The term “no kill shelter” means different things to different people. Some people classify a shelter as “no kill” when it doesn’t euthanize any animals for any reason. However, many people find that reasoning to be cruel, insisting that there should be some concession given when the animal is too sick or too dangerous to rehabilitate. The most common type of no kill shelters, then, are those that don’t euthanize animals simply because of lack of space, or just because the animal has been at the shelter for too long.
What Do They Do?
When an animal arrives at a no kill shelter, he is assessed for temperament issues. If the animal is deemed to be behaviorally unsound, the shelter staff will work patiently with him, either on site or through an experienced foster family, to try to get him to a point where he is adoptable. Unfortunately though, it isn’t always possible, as many animals have a history of being abused and neglected. If an animal is too aggressive and continually shows a potential to hurt people or other animals, he is eventually deemed to be unadoptable, and may get euthanized. However, this is a very rare occurrence in a no kill shelter, and only the most aggressive of animals fall into this category.
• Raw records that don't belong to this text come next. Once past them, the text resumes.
lemma connected_graph_rtranclp:
  "connected_graph V E \<Longrightarrow> x \<in> V \<Longrightarrow> y \<in> V \<Longrightarrow> E\<^sup>*\<^sup>* x y"
  unfolding connected_graph_def ex_walk_of_len_iff_rtranclp[symmetric] by blast

text \<open>Connectivity is needed: for unreachable \<open>y\<close>, \<open>gdist E x y\<close> is the junk value 0.\<close>

lemma tdist_1_eq:
  assumes "connected_graph V E" "x \<in> V" "y \<in> V"
  shows "tdist 1 E x y = (if x = y then 0 else if E x y then 1 else 2)"
proof -
  let ?d = "gdist E x y"
  have walk: "(E ^^ ?d) x y"
    unfolding gdist_def walk_of_len_iff_relpowp
    using connected_graph_rtranclp[OF assms] by (metis LeastI rtranclp_power)
  have shortest: "?d \<le> n" if "(E ^^ n) x y" for n
    unfolding gdist_def walk_of_len_iff_relpowp using that by (rule Least_le)
  consider "?d = 0" | "?d = 1" | "?d \<ge> 2" by linarith
  then show ?thesis
  proof cases
    case 1
    then show ?thesis using walk by (simp add: tdist_def)
  next
    case 2
    then show ?thesis using walk shortest[of 0] by (auto simp: tdist_def)
  next
    case 3
    then show ?thesis using shortest[of 0] shortest[of 1] by (auto simp: tdist_def)
  qed
qed

lemma Rk_1_eq:
  assumes "connected_graph V E" "x \<in> V" "y \<in> V" "x \<noteq> y"
  shows "Rk 1 V E x y = {x, y} \<union> {z \<in> V - {x, y}. E x z \<noteq> E y z}"
proof -
  have "tdist 1 E x z \<noteq> tdist 1 E y z \<longleftrightarrow> z = x \<or> z = y \<or> E x z \<noteq> E y z" if "z \<in> V" for z
    using assms that simple_graphD(4)[OF connected_graph_simple[OF assms(1)]]
    unfolding tdist_1_eq[OF assms(1) assms(2) that] tdist_1_eq[OF assms(1) assms(3) that] by auto
  then show ?thesis using assms(2,3) unfolding Rk_def by blast
qed

definition twins :: "'a set \<Rightarrow> ('a \<Rightarrow> 'a \<Rightarrow> bool) \<Rightarrow> 'a \<Rightarrow> 'a \<Rightarrow> bool" where
  "twins V E x y \<longleftrightarrow> (\<forall>z\<in>V - {x, y}. E x z \<longleftrightarrow> E y z)"

lemma Rk_1_eq_doubleton_iff_twins:
  assumes "connected_graph V E" "x \<in> V" "y \<in> V" "x \<noteq> y"
  shows "Rk 1 V E x y = {x, y} \<longleftrightarrow> twins V E x y"
  unfolding Rk_1_eq[OF assms] twins_def by auto

lemma twins_refl: "twins V E x x"
  unfolding twins_def by blast

lemma twins_sym: "twins V E x y \<Longrightarrow> twins V E y x"
  unfolding twins_def by blast

lemma twins_trans:
  assumes "simple_graph V E" "x \<in> V" "z \<in> V" "twins V E x y" "twins V E y z"
  shows "twins V E x z"
  unfolding twins_def
proof
  fix w assume w: "w \<in> V - {x, z}"
  show "E x w \<longleftrightarrow> E z w"
  proof (cases "w = y")
    case True
    with w assms(2-5) have "E x z \<longleftrightarrow> E y z" "E y x \<longleftrightarrow> E z x" if "x \<noteq> z"
      using that unfolding twins_def by auto
    with True simple_graphD(4)[OF assms(1)] show ?thesis by blast
  next
    case False
    with w assms(4,5) show ?thesis unfolding twins_def by blast
  qed
qed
Animals also receive a physical examination upon intake into a no kill shelter. The staff veterinarian examines the health of the animal, looking for signs of neglect and illness. All illness that is deemed to be treatable is then treated. If the animal is too ill or injured, and his quality of life is suffering greatly (ex: terminal cancer, hit by a car) then he may be labeled as unadoptable and eventually euthanized. The act of euthanizing an animal in this instance is considered to be humane, as it ends his suffering.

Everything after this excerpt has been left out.